As well as having an increasingly sophisticated domestic economy, levels of corporate activity in Mexico act as a barometer of the wider region’s economic health, says Daniel Del Río, a corporate Partner with leading national firm Basham Ringe y Correa.
“The Mexican economy is heavily dependent on foreign investment and consumer demand in the US and in both respects we see signs of increasing activity. There is rising interest across the telecoms, energy and inevitably manufacturing sectors and much of this is being driven by investors, and demand, derived from outside the country.”
Such a scenario is in contrast to the situation only two years ago when falling US demand and fears over the extent of the country’s swine flu outbreak weighed heavily on the economy, he says.
“Concerns remain over the degree of comfort many investors have for Mexico and we are obviously still a long way from the boom years, but we do see companies assessing new opportunities.

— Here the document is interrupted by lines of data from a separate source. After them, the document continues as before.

(* Let $\mathcal T$ be a closed triangulated surface with $V(\mathcal T)\leq 11$ and let $(\mathcal G,\mathcal D,\{\mathcal D_1,\ldots,\mathcal D_n\})$ be a decomposition of $\mathcal T$. Then the boundary of $\mathcal G$ has exactly $1$ or $2$ connected components.
   Context: A triangulated surface is a finite simplicial complex whose underlying space is a connected compact surface; it is closed if the surface has empty boundary; $V(\cdot)$ is the number of vertices. The valence of a vertex is the number of triangles containing it. A decomposition of a closed triangulated surface $\mathcal T$ is a triple $(\mathcal G,\mathcal D,\{\mathcal D_1,\ldots,\mathcal D_n\})$, $n\geq0$, of sub-triangulations (subcomplexes which are triangulated surfaces) of $\mathcal T$ such that $\mathcal D,\mathcal D_1,\ldots,\mathcal D_n$ are triangulated discs, the interior of $\mathcal D$ contains a vertex of maximal valence in $\mathcal T$, $\mathcal G\cup\mathcal D\cup\mathcal D_1\cup\dots\cup\mathcal D_n=\mathcal T$, and any two of them intersect in a triangulated circle or not at all. *)

theory Defs
  imports Main
begin

text \<open>A (pure 2-dimensional) finite simplicial complex is represented by its set of
  triangles (3-element vertex sets). Its simplices are all nonempty subsets of triangles.\<close>

definition verts :: "'a set set \<Rightarrow> 'a set" where
  "verts K = \<Union>K"

definition faces :: "'a set set \<Rightarrow> 'a set set" where
  "faces K = {s. s \<noteq> {} \<and> (\<exists>t\<in>K. s \<subseteq> t)}"

definition edges :: "'a set set \<Rightarrow> 'a set set" where
  "edges K = {e. card e = 2 \<and> (\<exists>t\<in>K. e \<subseteq> t)}"

definition tri_count :: "'a set set \<Rightarrow> 'a set \<Rightarrow> nat" where
  "tri_count K e = card {t\<in>K. e \<subseteq> t}"

definition graph_connected :: "'a set set \<Rightarrow> bool" where
  "graph_connected E = (\<forall>a\<in>\<Union>E. \<forall>b\<in>\<Union>E. (\<lambda>x y. {x, y} \<in> E)\<^sup>*\<^sup>* a b)"

definition cx_connected :: "'a set set \<Rightarrow> bool" where
  "cx_connected K = graph_connected (edges K)"

definition link :: "'a set set \<Rightarrow> 'a \<Rightarrow> 'a set set" where
  "link K v = {t - {v} | t. t \<in> K \<and> v \<in> t}"

text \<open>Triangulated (compact, connected) surface, possibly with boundary: every edge lies
  in one or two triangles and every vertex link is connected (hence a path or a cycle).\<close>
definition is_surface :: "'a set set \<Rightarrow> bool" where
  "is_surface K \<longleftrightarrow> finite K \<and> K \<noteq> {} \<and> (\<forall>t\<in>K. card t = 3)
     \<and> (\<forall>e\<in>edges K. tri_count K e = 1 \<or> tri_count K e = 2)
     \<and> (\<forall>v\<in>verts K. graph_connected (link K v))
     \<and> cx_connected K"

definition closed_surface :: "'a set set \<Rightarrow> bool" where
  "closed_surface K \<longleftrightarrow> is_surface K \<and> (\<forall>e\<in>edges K. tri_count K e = 2)"

definition bd_edges :: "'a set set \<Rightarrow> 'a set set" where
  "bd_edges K = {e\<in>edges K. tri_count K e = 1}"

definition bd_verts :: "'a set set \<Rightarrow> 'a set" where
  "bd_verts K = \<Union>(bd_edges K)"

definition bd_components :: "'a set set \<Rightarrow> 'a set set" where
  "bd_components K = bd_verts K // {(a, b). (\<lambda>x y. {x, y} \<in> bd_edges K)\<^sup>*\<^sup>* a b}"

definition euler :: "'a set set \<Rightarrow> int" where
  "euler K = int (card (verts K)) - int (card (edges K)) + int (card K)"

text \<open>Triangulated disc: a triangulated surface with nonempty connected boundary and
  Euler characteristic 1 (by the classification of compact surfaces, exactly the discs).\<close>
definition is_disc :: "'a set set \<Rightarrow> bool" where
  "is_disc K \<longleftrightarrow> is_surface K \<and> bd_edges K \<noteq> {} \<and> card (bd_components K) = 1 \<and> euler K = 1"

text \<open>Triangulated circle, given as a set of simplices (vertices and edges).\<close>
definition is_circle_cx :: "'a set set \<Rightarrow> bool" where
  "is_circle_cx S \<longleftrightarrow> (let E = {s\<in>S. card s = 2} in
      finite S \<and> E \<noteq> {} \<and> S = faces E
      \<and> (\<forall>v\<in>\<Union>E. card {e\<in>E. v \<in> e} = 2)
      \<and> graph_connected E)"

definition meet_ok :: "'a set set \<Rightarrow> 'a set set \<Rightarrow> bool" where
  "meet_ok A B \<longleftrightarrow> faces A \<inter> faces B = {} \<or> is_circle_cx (faces A \<inter> faces B)"

definition valence :: "'a set set \<Rightarrow> 'a \<Rightarrow> nat" where
  "valence K v = card {t\<in>K. v \<in> t}"

definition decomposition :: "'a set set \<Rightarrow> 'a set set \<Rightarrow> 'a set set \<Rightarrow> 'a set set list \<Rightarrow> bool" where
  "decomposition T G D Ds \<longleftrightarrow>
     is_surface G \<and> G \<subseteq> T \<and> is_disc D \<and> D \<subseteq> T
     \<and> (\<forall>X\<in>set Ds. is_disc X \<and> X \<subseteq> T)
     \<and> (\<exists>v\<in>verts D - bd_verts D. \<forall>w\<in>verts T. valence T w \<le> valence T v)
     \<and> G \<union> D \<union> \<Union>(set Ds) = T
     \<and> meet_ok G D
     \<and> (\<forall>X\<in>set Ds. meet_ok G X \<and> meet_ok D X)
     \<and> (\<forall>i<length Ds. \<forall>j<length Ds. i \<noteq> j \<longrightarrow> meet_ok (Ds ! i) (Ds ! j))"

end

theory Submission
  imports Defs
begin

text \<open>Every boundary component of G contains a whole circle in which G meets one of the discs,
  hence at least three vertices; and G has a boundary, since otherwise it would contain the star of
  the interior vertex v of D. As G meets D in a single circle, at most one boundary component meets
  D. Three components would therefore give two disjoint triples of vertices outside D, hence
  outside the closed star of v, a vertex of maximal valence. With at most 11 vertices this forces
  valence at most 4 everywhere; but a closed surface all of whose valences are at most 4 is the
  tetrahedron, the triangular bipyramid or the octahedron, with at most 6 vertices.\<close>

definition neighbours :: "'a set set \<Rightarrow> 'a \<Rightarrow> 'a set" where
  "neighbours K u = {x. x \<noteq> u \<and> (\<exists>t\<in>K. u \<in> t \<and> x \<in> t)}"

lemma neighboursI: "t \<in> K \<Longrightarrow> u \<in> t \<Longrightarrow> x \<in> t \<Longrightarrow> x \<noteq> u \<Longrightarrow> x \<in> neighbours K u"
  unfolding neighbours_def by blast

lemma card_3_distinct: "card {x, y, z} = 3 \<Longrightarrow> x \<noteq> y \<and> x \<noteq> z \<and> y \<noteq> z"
  by (cases "x = y"; cases "x = z"; cases "y = z") (auto simp: card_insert_if)

lemma card_3_split_at:
  assumes "card t = 3" "u \<in> t"
  obtains a b where "t = {u, a, b}" "a \<noteq> b" "a \<noteq> u" "b \<noteq> u"
proof -
  have "card (t - {u}) = 2" using assms by simp
  then obtain a b where "t - {u} = {a, b}" "a \<noteq> b" by (meson card_2_iff)
  then show thesis using that assms(2) by blast
qed

lemma card_2_split_at:
  assumes "card e = 2" "y \<in> e"
  obtains a where "e = {y, a}" "a \<noteq> y"
proof -
  have "card (e - {y}) = 1" using assms by simp
  then obtain a where "e - {y} = {a}" by (rule card_1_singletonE)
  then show thesis using that assms(2) by blast
qed

definition bd_rel :: "'a set set \<Rightarrow> 'a rel" where
  "bd_rel K = {(x, y). {x, y} \<in> bd_edges K}\<^sup>*"

lemma bd_components_eq_quotient: "bd_components K = bd_verts K // bd_rel K"
  unfolding bd_components_def bd_rel_def rtrancl_def by simp

lemma equiv_bd_rel: "equiv UNIV (bd_rel K)"
proof -
  have "sym {(x, y). {x, y} \<in> bd_edges K}" by (auto intro: symI simp: insert_commute)
  then show ?thesis unfolding bd_rel_def
    by (intro equivI refl_rtrancl sym_rtrancl trans_rtrancl) auto
qed

lemma bd_component_in_quotient: "c \<in> bd_components K \<Longrightarrow> c \<in> UNIV // bd_rel K"
  unfolding bd_components_eq_quotient quotient_def by blast

lemma bd_component_subset:
  assumes "c \<in> bd_components K"
  shows "c \<subseteq> bd_verts K"
proof -
  obtain x where c: "c = bd_rel K `` {x}" and x: "x \<in> bd_verts K"
    using assms unfolding bd_components_eq_quotient by (rule quotientE)
  show ?thesis
  proof
    fix y assume "y \<in> c"
    then have "(x, y) \<in> {(x, y). {x, y} \<in> bd_edges K}\<^sup>*" unfolding c bd_rel_def by simp
    then show "y \<in> bd_verts K"
      by (induction rule: rtrancl_induct) (use x in \<open>auto simp: bd_verts_def\<close>)
  qed
qed

lemma bd_verts_subset_verts: "bd_verts K \<subseteq> verts K"
  unfolding bd_verts_def bd_edges_def edges_def verts_def by blast

lemma finite_bd_components: "finite (bd_verts K) \<Longrightarrow> finite (bd_components K)"
  unfolding bd_components_eq_quotient quotient_def UNION_singleton_eq_range by (rule finite_imageI)

lemma faces_inter_card_2: "{s \<in> faces A \<inter> faces B. card s = 2} = edges A \<inter> edges B"
  unfolding faces_def edges_def by auto

lemma edges_subset_faces: "edges K \<subseteq> faces K"
  unfolding faces_def edges_def by auto

lemma circle_faces_interD:
  assumes "is_circle_cx (faces A \<inter> faces B)"
  shows "finite (faces A \<inter> faces B)" "edges A \<inter> edges B \<noteq> {}"
    "faces A \<inter> faces B = faces (edges A \<inter> edges B)"
    "\<forall>v\<in>\<Union>(edges A \<inter> edges B). card {e \<in> edges A \<inter> edges B. v \<in> e} = 2"
    "graph_connected (edges A \<inter> edges B)"
  using assms unfolding is_circle_cx_def Let_def faces_inter_card_2 by blast+

lemma meet_ok_circle:
  assumes "meet_ok A B" "faces A \<inter> faces B \<noteq> {}"
  shows "is_circle_cx (faces A \<inter> faces B)"
  using assms unfolding meet_ok_def by blast

lemma meet_ok_card_le_2:
  assumes "meet_ok A B" "s \<in> faces A" "s \<in> faces B"
  shows "card s \<le> 2"
proof -
  have "s \<in> faces (edges A \<inter> edges B)"
    using circle_faces_interD(3)[OF meet_ok_circle] assms by blast
  then obtain e where "e \<in> edges A" "s \<subseteq> e" unfolding faces_def by blast
  then have "card e = 2" "finite e" unfolding edges_def by (auto simp: card_ge_0_finite)
  then show ?thesis using card_mono \<open>s \<subseteq> e\<close> by fastforce
qed

lemma meet_ok_common_vertex:
  assumes "meet_ok A B" "y \<in> verts A" "y \<in> verts B"
  shows "y \<in> \<Union>(edges A \<inter> edges B)"
proof -
  have "{y} \<in> faces A \<inter> faces B" using assms(2,3) unfolding verts_def faces_def by blast
  then have "{y} \<in> faces (edges A \<inter> edges B)"
    using circle_faces_interD(3)[OF meet_ok_circle] assms(1) by blast
  then show ?thesis unfolding faces_def by blast
qed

They want to capitalise on the growing domestic demand and the cost savings presented by local manufacturers and outsourcing businesses.”
But indicative of this upturn in activity is the return also of greater regulatory scrutiny of commercial agreements and transactions, specifically M&A deals, by both the sector-specific and national authorities, says Del Rio. “The regulatory regimes in areas such as finance, telecoms and energy are well established and the Competition Authority too has proved to be very effective in chasing down what they regard as infringements.”
As Mexico begins therefore to reappear on investors’ radars, agreements have however to be entered into with the assumption that they will attract regulatory attention, says Del Rio. “As with any major market it is necessary to ensure that all the necessary precautions and protections are in place. There are no cost or business benefits in cutting corners.”